Developed SinkPIT, a sound source separation technology for environments with many speakers speaking at the same time

  • Voice and Acoustic Processing

Overview


Project period
October 7, 2020 (Publication of Accepted Paper Information)

PKSHA Technology Inc. has developed "SinkPIT", a deep learning technology for separating speech for each speaker in an environment where many speakers are speaking simultaneously.
"SinkPIT" has been experimentally demonstrated to be capable of learning a large-scale sound source separation model with a larger number of assumed sound sources than before in a realistic computational time. By combining this technology with various speech signal processing technologies, we expect that it can be applied to various applications, such as conference proceedings systems and in-vehicle microphones.

Technology


In recent years, spoken dialogue systems, including in-store customer service robots and smart speakers, have become increasingly popular. The technology of "sound source separation" has long been widely studied and utilized as an important elemental technology for such spoken dialogue systems. This is a pre-processing technique that separates speech into individual speakers in situations where multiple speakers are speaking at the same time. It is believed that sound source separation can improve speech recognition performance in situations where multiple speakers are speaking at the same time.

In recent years, with the development of deep sound source separation based on deep learning, it has become possible to separate the sound sources of two to five speakers with a fairly high sound quality. However, these methods are computationally expensive in the learning process (brute force search), so it is difficult to increase the number of assumed sound sources (the maximum number of speakers to be separated).

In light of this background, PKSHA Technology has developed SinkPIT, a learning method for deep sound source separation that makes it possible to significantly increase the number of assumed sound sources for deep sound source separation. Experimental results demonstrated that SinkPIT can train a large-scale sound source separation model with a larger number of assumed sound sources in a realistic computational time. This technology is expected to be applicable to various applications such as conference proceedings systems and in-vehicle microphones by combining it with various speech signal processing technologies.

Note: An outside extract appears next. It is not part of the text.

(* Let $d\ge1$, $d'=1$, $t_f>0$, and let $A:\mathbb{R}^d\to(0,\infty)$ be $C^3$ with $A(r)\ge C^{-1}$ for all $r$. For each $\varepsilon>0$ let $r_\varepsilon:[0,t_f]\to\mathbb{R}^d$ be $C^3$ (the atomic trajectory of the XLMD system described in the context) with $|r_\varepsilon|,|\dot r_\varepsilon|,|\ddot r_\varepsilon|\le C$ on $[0,t_f]$ uniformly in $\varepsilon$. Let $k_\varepsilon(t)=A(r_\varepsilon(t))^{1/2}$ and $\kappa_\varepsilon(t)=\int_0^tk_\varepsilon(\tau)\,d\tau$. For $s\in[0,t_f]$, $\xi_0\in\mathbb{R}$, let $\Phi^{s,t}_\varepsilon(0,\xi_0)=(\tilde y_\varepsilon(t),\dot{\tilde y}_\varepsilon(t))$, $t\ge s$, where $\tilde y_\varepsilon$ solves $\varepsilon\ddot{\tilde y}_\varepsilon=-A(r_\varepsilon(t))\tilde y_\varepsilon$, $\tilde y_\varepsilon(s)=0$, $\dot{\tilde y}_\varepsilon(s)=\xi_0$. Then $$\Phi^{s,t}_\varepsilon(0,\xi_0)=\begin{pmatrix}\varepsilon^{1/2}k_\varepsilon(t)^{-1/2}k_\varepsilon(s)^{-1/2}\sin\!\Big(\frac{\kappa_\varepsilon(t)-\kappa_\varepsilon(s)}{\sqrt\varepsilon}\Big)\xi_0\\ k_\varepsilon(t)^{1/2}k_\varepsilon(s)^{-1/2}\cos\!\Big(\frac{\kappa_\varepsilon(t)-\kappa_\varepsilon(s)}{\sqrt\varepsilon}\Big)\xi_0\end{pmatrix}+\begin{pmatrix}\mathcal{O}(\varepsilon)\\ \mathcal{O}(\varepsilon^{1/2})\end{pmatrix}$$ as $\varepsilon\to0$, for $0\le s\le t\le t_f$.
   Context: In the paper $r_\varepsilon$ is the atomic component of the solution of the XLMD system $\ddot r_\varepsilon=F(r_\varepsilon)-\frac{\partial Q}{\partial r}(r_\varepsilon,x_\varepsilon)$, $\varepsilon\ddot x_\varepsilon=b(r_\varepsilon)-A(r_\varepsilon)x_\varepsilon$ with $Q(r,x)=\tfrac12A(r)x^2-b(r)x$; only the stated regularity and $\varepsilon$-uniform bounds are used. The $\mathcal{O}$ constants are independent of $\varepsilon$ (and of $s,t\in[0,t_f]$). *)

theory Defs
  imports "HOL-Analysis.Analysis"
begin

The results were presented at the IEEE ICASSP (International Conference on Acoustics, Speech and Signal Processing) 2021 held in Toronto, Canada in June 2021. (Paper presented and published online.)

Member in charge

  • TACHIBANA hideyuki

    Graduated from the Department of Mathematical Engineering, Faculty of Engineering, The University of Tokyo. D. from the Graduate School of Information Science and Engineering, The University of Tokyo.
    D. in Information Science and Engineering.
    After working as a researcher at Meiji University, joined PKSHA Technology.
    Engaged mainly in research and development of speech processing, language processing, and signal processing.

  • KATAYAMA yotaro

    He holds a Bachelor of Engineering degree from the University of Tokyo.
    After working for a foreign investment bank, he joined PKSHA Technology.
    Served as a director of BEDORE Co.
    He is currently a director of MNTSQ Corporation.

  • INAHARA munehiro

    Graduated from the Department of Electronics and Computer Engineering, Faculty of Engineering, The University of Tokyo.
    During his studies, he researched game AI and natural language processing technology.
    After graduation, he joined IBM Japan.
    At Tokyo Systems Development Laboratory, he was in charge of research and development of systems and solution business mainly based on Watson and deep learning.
    After joining PKSHA Technology, he has been engaged in research and development of many products and modules such as spoken dialogue products, cause-and-effect recognition, emotion recognition, language models, and speech synthesis.